El señor Carles Puigdemont, de oficio expresidente -que lo de periodista cuela cada vez menos-, ha presentado ante la justicia belga una demanda contra el juez del Tribunal Supremo Pablo Llarena en la que el exhonorable acusa a España de ser un "Estado delincuente". Vaya novedad. Todos los estados, pronto o tarde, caen en la comisión de algún delito y los peores de todos son los cometidos, de la manera más oculta posible, por lo que se conoce de manera coloquial como las cloacas estatales. Estamos tan acostumbrados a hablar de ellas que ni nos tiembla el ánimo al ir a ver una película del Agente 007, cuya condición más aireada es la de que cuenta con licencia para matar así, en general y sin necesidad de cautela alguna. Pero incluso saliendo del vertedero, los delitos aparecen a cada poco así que conviene precisar quiénes son sus autores. Porque, ¡ay!, la acusación del señor Puigdemont contra el Estado en su conjunto no deja de ser un brindis al sol, con detalles tan curiosos como divertidos habida cuenta de que el propio demandante es ciudadano español y en sus correrías bajo el disfraz del exilio usa la documentación reglamentaria, pasaporte y carné de identidad sin que parezca afectarle demasiado la manera como él mismo se englobaría en tal delincuencia generalizada.

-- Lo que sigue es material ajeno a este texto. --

(* Let $k=\mathbb R$ or $\mathbb C$, let $(E,g)$ be a finite-dimensional inner product vector space over $k$, let $f\in\operatorname{End}_k(E)$, let $H_1,\dots,H_n$ be $f$-invariant subspaces with $E=H_1\oplus\dots\oplus H_n$, and write $f_i=f|_{H_i}$. Let $\widetilde{\mathcal H}_f^\perp=[\operatorname{Ker} f_1]_1^\perp\oplus\dots\oplus[\operatorname{Ker} f_n]_n^\perp$. Then $\widetilde{\mathcal H}_f^\perp=[\operatorname{Ker} f]^\perp$ if and only if $[\operatorname{Ker} f_i]_i^\perp\subseteq\big[\sum_{j\ne i}\operatorname{Ker} f_j\big]^\perp$ for every $i\in\{1,\dots,n\}$.
   Context: An inner product is linear in the first argument, conjugate-symmetric and positive definite. For a subspace $U\subseteq E$, $U^\perp=\{e\in E:g(u,e)=0\ \forall u\in U\}$; for a subspace $W\subseteq H_i$, $[W]_i^\perp=\{v\in H_i:g(w,v)=0\ \forall w\in W\}$. *)

theory Defs
  imports "HOL-Analysis.Analysis"
begin

text \<open>An inner product g on the k-vector space (V, sc), k = real or complex,
  cj the conjugation of k (identity for real, cnj for complex):
  linear in the first argument, conjugate-symmetric, positive definite.\<close>
definition inner_product ::
  "('k::real_normed_field \<Rightarrow> 'v::ab_group_add \<Rightarrow> 'v) \<Rightarrow> ('k \<Rightarrow> 'k) \<Rightarrow> ('v \<Rightarrow> 'v \<Rightarrow> 'k) \<Rightarrow> bool" where
  "inner_product sc cj g \<longleftrightarrow>
     (\<forall>a u v w. g (sc a u + v) w = a * g u w + g v w) \<and>
     (\<forall>u v. g u v = cj (g v u)) \<and>
     (\<forall>v. v \<noteq> 0 \<longrightarrow> (\<exists>r::real. r > 0 \<and> g v v = of_real r))"

definition orth :: "('v \<Rightarrow> 'v \<Rightarrow> 'k::zero) \<Rightarrow> 'v set \<Rightarrow> 'v set" where
  "orth g U = {e. \<forall>u\<in>U. g u e = 0}"

definition rel_orth :: "('v \<Rightarrow> 'v \<Rightarrow> 'k::zero) \<Rightarrow> 'v set \<Rightarrow> 'v set \<Rightarrow> 'v set" where
  "rel_orth g Hi W = {v\<in>Hi. \<forall>w\<in>W. g w v = 0}"

definition ssum :: "'i set \<Rightarrow> ('i \<Rightarrow> 'v::comm_monoid_add set) \<Rightarrow> 'v set" where
  "ssum I W = {sum w I | w. \<forall>j\<in>I. w j \<in> W j}"

definition is_direct_sum :: "('k::field \<Rightarrow> 'v::ab_group_add \<Rightarrow> 'v) \<Rightarrow> 'i set \<Rightarrow> ('i \<Rightarrow> 'v set) \<Rightarrow> bool" where
  "is_direct_sum sc I H \<longleftrightarrow>
     (\<forall>i\<in>I. module.subspace sc (H i)) \<and>
     (\<forall>v. \<exists>!h. (\<forall>i\<in>I. h i \<in> H i) \<and> (\<forall>i. i \<notin> I \<longrightarrow> h i = 0) \<and> v = sum h I)"

end

theory Submission
  imports Defs
begin

(* Each block H i splits orthogonally as Ker f_i plus its relative complement P_i = [Ker f_i]_i^perp,
   and Ker f is the sum of the Ker f_i, so E = Ker f + (P_1 + ... + P_n).  Inside its own block P_i is
   orthogonal to Ker f_i, hence the sum of the P_i is orthogonal to Ker f exactly when each P_i is
   orthogonal to the other kernels.  In that case it is all of [Ker f]^perp: writing x in [Ker f]^perp
   as k + p with k in Ker f and p in the sum, g(k, x) = g(k, p) = 0 forces g(k, k) = 0, so k = 0. *)

lemma mem_ssum_iff: "x \<in> ssum I W \<longleftrightarrow> (\<exists>w. (\<forall>j\<in>I. w j \<in> W j) \<and> x = sum w I)"
  unfolding ssum_def by auto

lemma ssum_single:
  assumes "finite I" "i \<in> I" "x \<in> W i" "\<forall>j\<in>I. 0 \<in> W j"
  shows "x \<in> ssum I W"
  unfolding mem_ssum_iff
proof (intro exI conjI)
  show "\<forall>j\<in>I. (if j = i then x else 0) \<in> W j" using assms(3,4) by simp
  show "x = (\<Sum>j\<in>I. if j = i then x else 0)" using assms(1,2) by simp
qed

lemma ssum_remove_subset:
  assumes "finite I" "0 \<in> W i"
  shows "ssum (I - {i}) W \<subseteq> ssum I W"
proof
  fix x assume "x \<in> ssum (I - {i}) W"
  then obtain w where w: "\<forall>j\<in>I - {i}. w j \<in> W j" "x = sum w (I - {i})"
    unfolding mem_ssum_iff by blast
  have "sum (w(i := 0)) I = sum (w(i := 0)) (I - {i})"
    by (rule sum.mono_neutral_right) (use assms(1) in auto)
  also have "\<dots> = x" unfolding w(2) by (rule sum.cong) auto
  moreover have "\<forall>j\<in>I. (w(i := 0)) j \<in> W j" using w(1) assms(2) by simp
  ultimately show "x \<in> ssum I W" unfolding mem_ssum_iff by metis
qed

lemma ssum_remove_split:
  assumes "finite I" "i \<in> I" "u \<in> ssum I W"
  obtains w v where "w \<in> W i" "v \<in> ssum (I - {i}) W" "u = w + v"
proof -
  obtain k where k: "\<forall>j\<in>I. k j \<in> W j" "u = sum k I" using assms(3) unfolding mem_ssum_iff by blast
  have "u = k i + sum k (I - {i})" using k(2) sum.remove[OF assms(1,2)] by simp
  moreover have "sum k (I - {i}) \<in> ssum (I - {i}) W" unfolding mem_ssum_iff using k(1) by auto
  ultimately show thesis using that k(1) assms(2) by blast
qed

context vector_space
begin

lemma direct_sum_subspace: "is_direct_sum scale I H \<Longrightarrow> i \<in> I \<Longrightarrow> subspace (H i)"
  unfolding is_direct_sum_def by blast

lemma direct_sum_ex1_components:
  "is_direct_sum scale I H \<Longrightarrow>
    \<exists>!h. (\<forall>i\<in>I. h i \<in> H i) \<and> (\<forall>i. i \<notin> I \<longrightarrow> h i = 0) \<and> v = sum h I"
  unfolding is_direct_sum_def by (elim conjE allE)

lemma direct_sum_decompose:
  assumes "is_direct_sum scale I H"
  obtains h where "\<forall>i\<in>I. h i \<in> H i" "v = sum h I"
  using ex1_implies_ex[OF direct_sum_ex1_components[OF assms]] that by blast

lemma direct_sum_components_unique:
  assumes ds: "is_direct_sum scale I H" and h: "\<forall>j\<in>I. h j \<in> H j" and h': "\<forall>j\<in>I. h' j \<in> H j"
    and eq: "sum h I = sum h' I" and i: "i \<in> I"
  shows "h i = h' i"
proof -
  define r where "r k j = (if j \<in> I then k j else 0)" for k :: "_ \<Rightarrow> 'b" and j
  have sum_r: "sum (r k) I = sum k I" for k by (rule sum.cong) (simp_all add: r_def)
  have "Uniq (\<lambda>k. (\<forall>j\<in>I. k j \<in> H j) \<and> (\<forall>j. j \<notin> I \<longrightarrow> k j = 0) \<and> sum h I = sum k I)"
    using direct_sum_ex1_components[OF ds, of "sum h I", unfolded ex1_iff_ex_Uniq] by (rule conjunct2)
  moreover have "\<forall>j\<in>I. r h j \<in> H j" "\<forall>j\<in>I. r h' j \<in> H j" "\<forall>j. j \<notin> I \<longrightarrow> r h j = 0"
    "\<forall>j. j \<notin> I \<longrightarrow> r h' j = 0"
    using h h' by (simp_all add: r_def)
  ultimately have "r h = r h'" using sum_r eq by (auto dest: Uniq_D)
  then show ?thesis using i by (metis r_def)
qed

lemma kernel_eq_ssum_kernels:
  fixes f :: "'b \<Rightarrow> 'b" and H :: "'i \<Rightarrow> 'b set"
  assumes lin: "Vector_Spaces.linear scale scale f" and ds: "is_direct_sum scale I H"
    and inv: "\<forall>i\<in>I. f ` H i \<subseteq> H i"
  shows "{v. f v = 0} = ssum I (\<lambda>i. H i \<inter> {v. f v = 0})"
proof
  have f_sum: "f (sum h A) = (\<Sum>j\<in>A. f (h j))" for h :: "'i \<Rightarrow> 'b" and A
    using lin by (simp add: linear_iff_module_hom module_hom.sum)
  show "ssum I (\<lambda>i. H i \<inter> {v. f v = 0}) \<subseteq> {v. f v = 0}"
    by (auto simp: mem_ssum_iff f_sum)
  show "{v. f v = 0} \<subseteq> ssum I (\<lambda>i. H i \<inter> {v. f v = 0})"
  proof
    fix v assume v: "v \<in> {v. f v = 0}"
    obtain h where h: "\<forall>i\<in>I. h i \<in> H i" "v = sum h I"
      using direct_sum_decompose[OF ds] .
    have "\<forall>i\<in>I. f (h i) \<in> H i" using h(1) inv by blast
    moreover have "(\<Sum>i\<in>I. f (h i)) = 0" using h(2) v by (simp add: f_sum)
    moreover have "\<forall>i\<in>I. 0 \<in> H i" using direct_sum_subspace[OF ds] subspace_0 by blast
    ultimately have "\<forall>i\<in>I. f (h i) = 0"
      using direct_sum_components_unique[OF ds, of "\<lambda>i. f (h i)" "\<lambda>_. 0"] by simp
    then show "v \<in> ssum I (\<lambda>i. H i \<inter> {v. f v = 0})"
      unfolding mem_ssum_iff using h by auto
  qed
qed

end

locale anisotropic_sesquilinear_form = vector_space sc
  for sc :: "'k::field \<Rightarrow> 'v::ab_group_add \<Rightarrow> 'v" +
  fixes g :: "'v \<Rightarrow> 'v \<Rightarrow> 'k" and cj :: "'k \<Rightarrow> 'k"
  assumes g_linear_left: "g (sc a u + v) w = a * g u w + g v w"
    and g_add_right: "g u (v + w) = g u v + g u w"
    and g_scale_right: "g u (sc a v) = cj a * g u v"
    and g_self_eq_0: "g v v = 0 \<Longrightarrow> v = 0"
    and cj_cj: "cj (cj a) = a"
begin

lemma g_add_left: "g (u + v) w = g u w + g v w"
  using g_linear_left[of 1 u v w] by simp

lemma g_zero_left: "g 0 w = 0"
  using g_linear_left[of "-1" w w] by simp

lemma g_scale_left: "g (sc a u) w = a * g u w"
  using g_linear_left[of a u 0 w] by (simp add: g_zero_left)

lemma g_zero_right: "g w 0 = 0"
  using g_add_right[of w 0 0] by (metis add_cancel_right_right)

lemma g_diff_right: "g w (u - v) = g w u - g w v"
  using g_add_right[of w "u - v" v] by (simp add: algebra_simps)

lemma g_sum_right: "g w (sum h A) = (\<Sum>i\<in>A. g w (h i))"
  by (induction A rule: infinite_finite_induct) (auto simp: g_zero_right g_add_right)

lemma orthogonal_to_span:
  assumes "\<forall>s\<in>S. g s x = 0" "y \<in> span S"
  shows "g y x = 0"
  using assms(2)
proof (induction rule: span_induct)
  show "subspace {y. g y x = 0}"
    by (rule subspaceI) (auto simp: g_zero_left g_add_left g_scale_left)
qed (use assms(1) in auto)

lemma orthogonal_projection_span:
  assumes "finite S"
  shows "\<exists>k\<in>span S. \<forall>s\<in>S. g s (h - k) = 0"
  using assms
proof (induction S arbitrary: h rule: finite_induct)
  case empty
  show ?case using span_zero by auto
next
  case (insert a S)
  obtain k0 where k0: "k0 \<in> span S" "\<forall>s\<in>S. g s (h - k0) = 0" using insert.IH by blast
  obtain k1 where k1: "k1 \<in> span S" "\<forall>s\<in>S. g s (a - k1) = 0" using insert.IH by blast
  have span_S: "span S \<subseteq> span (insert a S)" by (rule span_mono) auto
  show ?case
  proof (cases "a = k1")
    case True
    then have "g a (h - k0) = 0" using orthogonal_to_span[OF k0(2)] k1(1) by simp
    then show ?thesis using k0 span_S by auto
  next
    case False
    \<comment> \<open>Gram-Schmidt step: correct k0 along the component a' of a orthogonal to S.\<close>
    define a' where "a' = a - k1"
    have "g a' a' \<noteq> 0" using False g_self_eq_0 unfolding a'_def by force
    define k where "k = k0 + sc (cj (g a' (h - k0) / g a' a')) a'"
    have "a' \<in> span (insert a S)"
      unfolding a'_def using span_diff span_base[of a "insert a S"] k1(1) span_S by blast
    then have k_span: "k \<in> span (insert a S)"
      unfolding k_def using span_add span_scale k0(1) span_S by blast
    have h_k: "h - k = (h - k0) - sc (cj (g a' (h - k0) / g a' a')) a'"
      unfolding k_def by (simp add: algebra_simps)
    have orth_S: "\<forall>s\<in>S. g s (h - k) = 0"
      using k0(2) k1(2) unfolding h_k a'_def by (simp add: g_diff_right g_scale_right)
    have "g a' (h - k) = 0"
      unfolding h_k using \<open>g a' a' \<noteq> 0\<close> by (simp add: g_diff_right g_scale_right cj_cj)
    moreover have "g k1 (h - k) = 0" using orthogonal_to_span[OF orth_S k1(1)] .
    ultimately have "g a (h - k) = 0"
      using g_add_left[of a' k1 "h - k"] unfolding a'_def by simp
    then show ?thesis using k_span orth_S by auto
  qed
qed

lemma orthogonal_projection:
  assumes "finite B" "W \<subseteq> span B" "subspace W"
  shows "\<exists>k\<in>W. h - k \<in> orth g W"
proof -
  obtain C where C: "C \<subseteq> W" "independent C" "W \<subseteq> span C"
    using maximal_independent_subset[of W] by blast
  have "finite C" using independent_span_bound[OF assms(1) C(2)] C(1) assms(2) by blast
  then obtain k where k: "k \<in> span C" "\<forall>s\<in>C. g s (h - k) = 0"
    using orthogonal_projection_span by blast
  have "span C = W" using span_subspace[OF C(1) C(3) assms(3)] .
  then show ?thesis
    using k orthogonal_to_span[OF k(2)] unfolding orth_def by auto
qed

Pero en realidad la demanda belga va contra un juez, por extensión contra el Tribunal Supremo e imagino, aunque no la he leído, que contra el Gobierno en aquello que hace a su intervención en las causas penales abiertas contra los protagonistas de la declaración de la independencia de Cataluña llevada a cabo, aunque no queda claro si en serio o en broma, el día 30 de octubre del año pasado. Supongamos, por respeto al propio Puigdemont y a sus colaboradores, algunos en una lamentable pero lógica prisión preventiva, que la cosa iba en serio. Es más, imaginemos que nació en ese mismo momento, el 30 de octubre de 2017, la república catalana como Estado propio, por más que no se sepa de ninguna consecuencia práctica de tal proclamación más allá del procesamiento de sus autores. De ser así, nos encontraríamos con un ejemplo espléndido de Estado delincuente, toda vez que lo sería desde el momento mismo de su llegada al mundo. Que, por añadidura, se tratase de un Estado mentiroso -¿habría que recordar lo de la pertenencia automática a la Unión Europea?- y autoritario -con episodios continuos de olvido de las normas parlamentarias y de los derechos de la oposición- es lo de menos. Lo genial es montar un Estado por la vía de la ignorancia de todas las leyes previas y ninguna nueva que las sustituya. Se entiende la demanda belga como modo mejor de intentar que se olvide toda esa sarta de delitos que, a falta de instituciones y personas que den la cara, habría que atribuir al nuevo Estado en su conjunto. Con la duda acerca de si Tabarnia estaría incluida también en la delincuencia naciente o si, por la vía del sarcasmo, se salva.